[Tex/LaTex] What to put into the dtx file

docstripdtxpackage-writing

Many packages are written as a single dtx file from that everything that composes the package is extracted. Apart from documentation and package code (the sty or cls), the installation instructions (ins), configuration files, tests, or examples may all be included in this single file.

I understand that it makes sense to keep documentation and code together tightly, especially in the concept of literate programming, but I imagine that a project that consists of only one giant file complicates for example version control.

I am currently writing a package that will compose of

  • a .ins,
  • a .sty,
  • its user documentation,
  • tests, most likely performed through qstest,
  • a configuration file
  • usage examples, each of them may span multiple files itself.

Which of these parts should be dedicated files, which are better put into the dtx?

Best Answer

It all depends, If you look at the latex format source latex.ltx that is a single file made up from multiple dtx files mostly for the reason you stated of easier management in source control. User documentation is tricky choice as well, for small packages it makes sense to put it in the (single) dtx but for larger suites a separate document is good, but then these days you might need to give the maintainers of texdoc utility a hint for example for the graphics bundle in latex each dtx has some documentation at the start but there is a separate grfguide graphics guide documentation as well.

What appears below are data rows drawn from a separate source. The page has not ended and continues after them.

lemma partner_Ik_iff:
  assumes "k + 2 \<le> M"
  shows "(\<exists>j. even j \<and> {j, M} \<in> Ik k B) \<longleftrightarrow> (\<exists>j. even j \<and> {j, M - 2} \<in> B)"
proof -
  have iota_M: "iota k (M - 2) = M"
    using assms by (auto simp: iota_def)
  have "{j, M} \<in> Ik k B \<longleftrightarrow> (\<exists>a. j = iota k a \<and> {a, M - 2} \<in> B)" for j
  proof
    assume jM: "{j, M} \<in> Ik k B"
    have "{j, M} \<noteq> {k, Suc k}"
      using assms by (auto simp: doubleton_eq_iff)
    with jM obtain p where p: "p \<in> B" "{j, M} = iota k ` p"
      by (cases rule: Ik_cases) blast+
    then obtain a where a: "j = iota k a"
      by blast
    have "p = iota k -` {j, M}"
      using p(2) by (simp add: inj_vimage_image_eq inj_iota)
    also have "\<dots> = {a, M - 2}"
      using a iota_M by auto
    finally show "\<exists>a. j = iota k a \<and> {a, M - 2} \<in> B"
      using p(1) a by blast
  next
    assume "\<exists>a. j = iota k a \<and> {a, M - 2} \<in> B"
    then obtain a where "{a, M - 2} \<in> B" "{j, M} = iota k ` {a, M - 2}"
      using iota_M by auto
    then show "{j, M} \<in> Ik k B"
      unfolding mem_Ik_iff by blast
  qed
  then show ?thesis
    by (metis even_iota_iff)
qed

lemma nest_seq_Ik_iff:
  assumes "\<forall>p\<in>B. finite p \<and> p \<noteq> {}"
  shows "nest_seq (Ik k B) s (iota k \<circ> i) \<longleftrightarrow> nest_seq B s i"
proof -
  have "strict_mono_on {1..2 * s} (iota k \<circ> i) \<longleftrightarrow> strict_mono_on {1..2 * s} i"
    by (simp add: strict_mono_on_def)
  moreover have "{{(iota k \<circ> i) (2 * s + 1 - r), (iota k \<circ> i) r} | r. r \<in> {1..s}}
      = image (iota k) ` {{i (2 * s + 1 - r), i r} | r. r \<in> {1..s}}"
    unfolding setcompr_eq_image image_image by simp
  ultimately show ?thesis
    unfolding nest_seq_def B0_Ik[OF assms] by (simp add: inj_image_eq_iff[OF inj_image_iota])
qed

lemma seq_covered_Ik_iff:
  assumes "\<forall>p\<in>B. finite p \<and> p \<noteq> {}"
  shows "seq_covered (Ik k B) s (iota k \<circ> i) \<longleftrightarrow> seq_covered B s i"
  unfolding seq_covered_def o_apply zero_covered_Ik_interval_iff[OF assms] ..

lemma nest_seq_Ik_factor:
  assumes "\<forall>p\<in>B. finite p \<and> p \<noteq> {}" and "nest_seq (Ik k B) s j"
  obtains i where "\<forall>r\<in>{1..2 * s}. j r = iota k (i r)"
proof
  have "j ` {1..2 * s} = \<Union>(B0 (Ik k B))"
    using Union_B0_nest_seq[OF assms(2)] by simp
  also have "\<dots> \<subseteq> range (iota k)"
    unfolding B0_Ik[OF assms(1)] by auto
  finally show "\<forall>r\<in>{1..2 * s}. j r = iota k ((inv (iota k) \<circ> j) r)"
    by (auto simp: f_inv_into_f)
qed

lemma ex_nest_seq_Ik_iff:
  assumes "\<forall>p\<in>B. finite p \<and> p \<noteq> {}"
    and P_Ik: "\<And>i. P (iota k \<circ> i) \<longleftrightarrow> Q i"
    and P_cong: "\<And>i j. \<forall>r\<in>{1..2 * s}. i r = j r \<Longrightarrow> P i \<Longrightarrow> P j"
    and P_nest: "\<And>j. P j \<Longrightarrow> nest_seq (Ik k B) s j"
  shows "(\<exists>j. P j) \<longleftrightarrow> (\<exists>i. Q i)"
proof
  assume "\<exists>j. P j"
  then obtain j where "P j"
    by blast
  moreover obtain i where "\<forall>r\<in>{1..2 * s}. j r = iota k (i r)"
    using nest_seq_Ik_factor[OF assms(1) P_nest[OF \<open>P j\<close>]] .
  ultimately have "P (iota k \<circ> i)"
    using P_cong by simp
  then show "\<exists>i. Q i"
    using P_Ik by blast
next
  assume "\<exists>i. Q i"
  then show "\<exists>j. P j"
    using P_Ik by blast
qed
(* Consider a common-value auction for a single item among at least two "slow" bidders and one "fast" bidder, all risk neutral. The value of the item evolves as $v_t = e^{m_t} v_0$ for $t \ge 0$, where $v_0>0$ and $m_t \sim N(-\tfrac{\sigma^2}{2} t, \sigma^2 t)$ (a geometric Brownian motion with $\sigma>0$, so $\mathbb{E}[v_{t+\delta}\mid v_t] = v_t$ for all $t,\delta\ge 0$). The slow bidders submit sealed bids at time $0$. With probability $p \in [0,1]$ (independently of the value process), the fast bidder gets an opportunity at time $\Delta>0$, after observing the slow bidders' bids and $v_\Delta$, to submit a bid that outbids the highest slow bid; otherwise the fast bidder does not bid. The highest bidder wins, pays its own bid, and receives the realized value of the item (with expected value $v_0$ given time-$0$ information). Then in equilibrium the winning slow bidder's time-$0$ bid is the largest $b_0^S \in [0, v_0]$ solving $$(1-p)(v_0 - b_0^S) + p\, P(v_\Delta < b_0^S)\big(\mathbb{E}[v_\Delta \mid v_\Delta < b_0^S] - b_0^S\big) = 0,$$ and the slow bidder wins the item with probability $p\, P(v_\Delta < b_0^S) + (1-p)$.
   Context: A bidder's payoff is the value of the item minus its bid if it wins, and $0$ otherwise. If given a revision opportunity, the fast bidder outbids the highest slow bid $b$ (paying $b$) exactly when $v_\Delta > b$. *)

theory Defs
  imports "HOL-Probability.Probability"
begin

definition logret_dist :: "real \<Rightarrow> real \<Rightarrow> real measure" where
  "logret_dist \<sigma> \<Delta> = density lborel (normal_density (- (\<sigma>\<^sup>2 * \<Delta> / 2)) (sqrt (\<sigma>\<^sup>2 * \<Delta>)))"

definition vDelta :: "real \<Rightarrow> real \<Rightarrow> real" where
  "vDelta v0 m = exp m * v0"

definition prob_below :: "real \<Rightarrow> real \<Rightarrow> real \<Rightarrow> real \<Rightarrow> real" where
  "prob_below v0 \<sigma> \<Delta> b = measure (logret_dist \<sigma> \<Delta>) {m. vDelta v0 m < b}"

definition cond_exp_below :: "real \<Rightarrow> real \<Rightarrow> real \<Rightarrow> real \<Rightarrow> real" where
  "cond_exp_below v0 \<sigma> \<Delta> b =
     (\<integral>m. indicator {m. vDelta v0 m < b} m * vDelta v0 m \<partial>logret_dist \<sigma> \<Delta>) / prob_below v0 \<sigma> \<Delta> b"

definition zero_profit_lhs :: "real \<Rightarrow> real \<Rightarrow> real \<Rightarrow> real \<Rightarrow> real \<Rightarrow> real" where
  "zero_profit_lhs v0 \<sigma> \<Delta> p b =
     (1 - p) * (v0 - b) + p * prob_below v0 \<sigma> \<Delta> b * (cond_exp_below v0 \<sigma> \<Delta> b - b)"

text \<open>Expected payoff of a slow bidder who wins at time 0 with the highest slow bid b
  (before tie-splitting). With probability 1-p the fast bidder gets no opportunity and the
  slow bidder receives the item (expected value v_Delta, whose mean is v0 given time-0
  information); with probability p the fast bidder outbids exactly when v_Delta > b
  (the slow bidder then gets 0), and otherwise the slow bidder gets v_Delta - b.\<close>
definition top_payoff :: "real \<Rightarrow> real \<Rightarrow> real \<Rightarrow> real \<Rightarrow> real \<Rightarrow> real" where
  "top_payoff v0 \<sigma> \<Delta> p b =
     (1 - p) * (\<integral>m. vDelta v0 m - b \<partial>logret_dist \<sigma> \<Delta>)
     + p * (\<integral>m. (if vDelta v0 m > b then 0 else vDelta v0 m - b) \<partial>logret_dist \<sigma> \<Delta>)"

definition slow_payoff ::
  "nat \<Rightarrow> real \<Rightarrow> real \<Rightarrow> real \<Rightarrow> real \<Rightarrow> (nat \<Rightarrow> real) \<Rightarrow> nat \<Rightarrow> real" where
  "slow_payoff n v0 \<sigma> \<Delta> p \<beta> i =
     (let hi = Max (\<beta> ` {..<n}); W = {j. j < n \<and> \<beta> j = hi}
      in if \<beta> i = hi then top_payoff v0 \<sigma> \<Delta> p hi / real (card W) else 0)"

text \<open>Pure-strategy (Nash) equilibrium of the slow bidders' sealed-bid game, with the fast
  bidder playing its (optimal) strategy of outbidding the highest slow bid iff v_Delta > b.\<close>
definition slow_equilibrium ::
  "nat \<Rightarrow> real \<Rightarrow> real \<Rightarrow> real \<Rightarrow> real \<Rightarrow> (nat \<Rightarrow> real) \<Rightarrow> bool" where
  "slow_equilibrium n v0 \<sigma> \<Delta> p \<beta> \<longleftrightarrow>
     (\<forall>i<n. 0 \<le> \<beta> i) \<and>
     (\<forall>i<n. \<forall>b'\<ge>0. slow_payoff n v0 \<sigma> \<Delta> p (\<beta>(i := b')) i \<le> slow_payoff n v0 \<sigma> \<Delta> p \<beta> i)"

definition slow_win_prob :: "real \<Rightarrow> real \<Rightarrow> real \<Rightarrow> real \<Rightarrow> real \<Rightarrow> real" where
  "slow_win_prob v0 \<sigma> \<Delta> p b =
     (1 - p) + p * measure (logret_dist \<sigma> \<Delta>) {m. vDelta v0 m \<le> b}"

end

theory Submission
  imports Defs
begin

(* Write v for v_Delta. Since E v = v0, a slow bidder who wins with bid b expects
     F b = (1 - p) (v0 - b) - p E[(b - v)^+]:
   when the fast bidder gets its chance, the slow winner keeps the item exactly when v <= b,
   i.e. it holds a short put with strike b. The same expression is the left-hand side of the
   zero-profit equation. F is continuous, F 0 >= 0 >= F v0, and F is strictly decreasing on
   [0, oo) because v falls below every positive level with positive probability; so F has a
   unique root b* in [0, v0]. Bertrand competition among at least two slow bidders pins the
   winning bid to that root: everybody bidding b* is an equilibrium; if the top bid b had
   F b > 0, some slow bidder would earn at most F b / 2 and could win alone by overbidding
   slightly, and if F b < 0 a winner would rather bid 0. *)

definition put_value :: "'a measure \<Rightarrow> ('a \<Rightarrow> real) \<Rightarrow> real \<Rightarrow> real" where
  "put_value M X b = (\<integral>x. max 0 (b - X x) \<partial>M)"

context prob_space
begin

context
  fixes X :: "'a \<Rightarrow> real"
  assumes integrable_X: "integrable M X"
begin

lemma integrable_put_payoff: "integrable M (\<lambda>x. max 0 (b - X x))"
  using integrable_X by (intro Bochner_Integration.integrable_max integrable_diff) auto

lemma integrable_indicator_below: "integrable M (indicator {x \<in> space M. X x < c} :: 'a \<Rightarrow> real)"
  using integrable_X by (intro integrable_real_indicator) (auto simp: less_top[symmetric])

lemma put_value_diff:
  "put_value M X b' - put_value M X b = (\<integral>x. max 0 (b' - X x) - max 0 (b - X x) \<partial>M)"
  unfolding put_value_def by (simp add: integrable_put_payoff)

lemma put_value_mono: "b \<le> b' \<Longrightarrow> put_value M X b \<le> put_value M X b'"
  unfolding put_value_def by (intro integral_mono integrable_put_payoff) auto

lemma put_value_diff_le:
  assumes "b \<le> b'"
  shows "put_value M X b' - put_value M X b \<le> b' - b"
proof -
  have "put_value M X b' - put_value M X b \<le> (\<integral>x. b' - b \<partial>M)"
    unfolding put_value_diff using assms
    by (intro integral_mono) (auto simp: integrable_put_payoff)
  then show ?thesis by (simp add: prob_space)
qed

lemma put_value_strict_mono:
  assumes "b \<le> c" "c < b'" "0 < prob {x \<in> space M. X x < c}"
  shows "put_value M X b < put_value M X b'"
proof -
  have [measurable]: "X \<in> borel_measurable M" using integrable_X by simp
  have "0 < (b' - c) * prob {x \<in> space M. X x < c}" using assms by simp
  also have "\<dots> = (\<integral>x. (b' - c) * indicator {x \<in> space M. X x < c} x \<partial>M)" by simp
  also have "\<dots> \<le> put_value M X b' - put_value M X b"
    unfolding put_value_diff using assms
    by (intro integral_mono integrable_mult_right integrable_indicator_below)
      (auto simp: integrable_put_payoff indicator_def)
  finally show ?thesis by simp
qed

lemma continuous_on_put_value: "continuous_on A (put_value M X)"
proof (rule lipschitz_on_continuous_on[where L=1], rule lipschitz_onI)
  fix b b' show "dist (put_value M X b) (put_value M X b') \<le> 1 * dist b b'"
    using put_value_mono put_value_diff_le
    by (cases "b \<le> b'") (fastforce simp: dist_real_def)+
qed simp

Currently texdoc graphics gives you grfguide, which is probably the right choice (it wasn't me that chose:-) but to see the doc generated from the actual package you need texdoc graphics.pdf which is sort of OK if you know it works, but if you know that you probably don't need to look in the doc anyway:-)

Tests I think are best kept separate.

So probably if as you indicate it is a fairly large multi-file suite I think I would put less user-documentation in the source dtx and just make it have the documented sources (the part traditionally after \StopEventually) and have separate document for user-facing documentation and examples.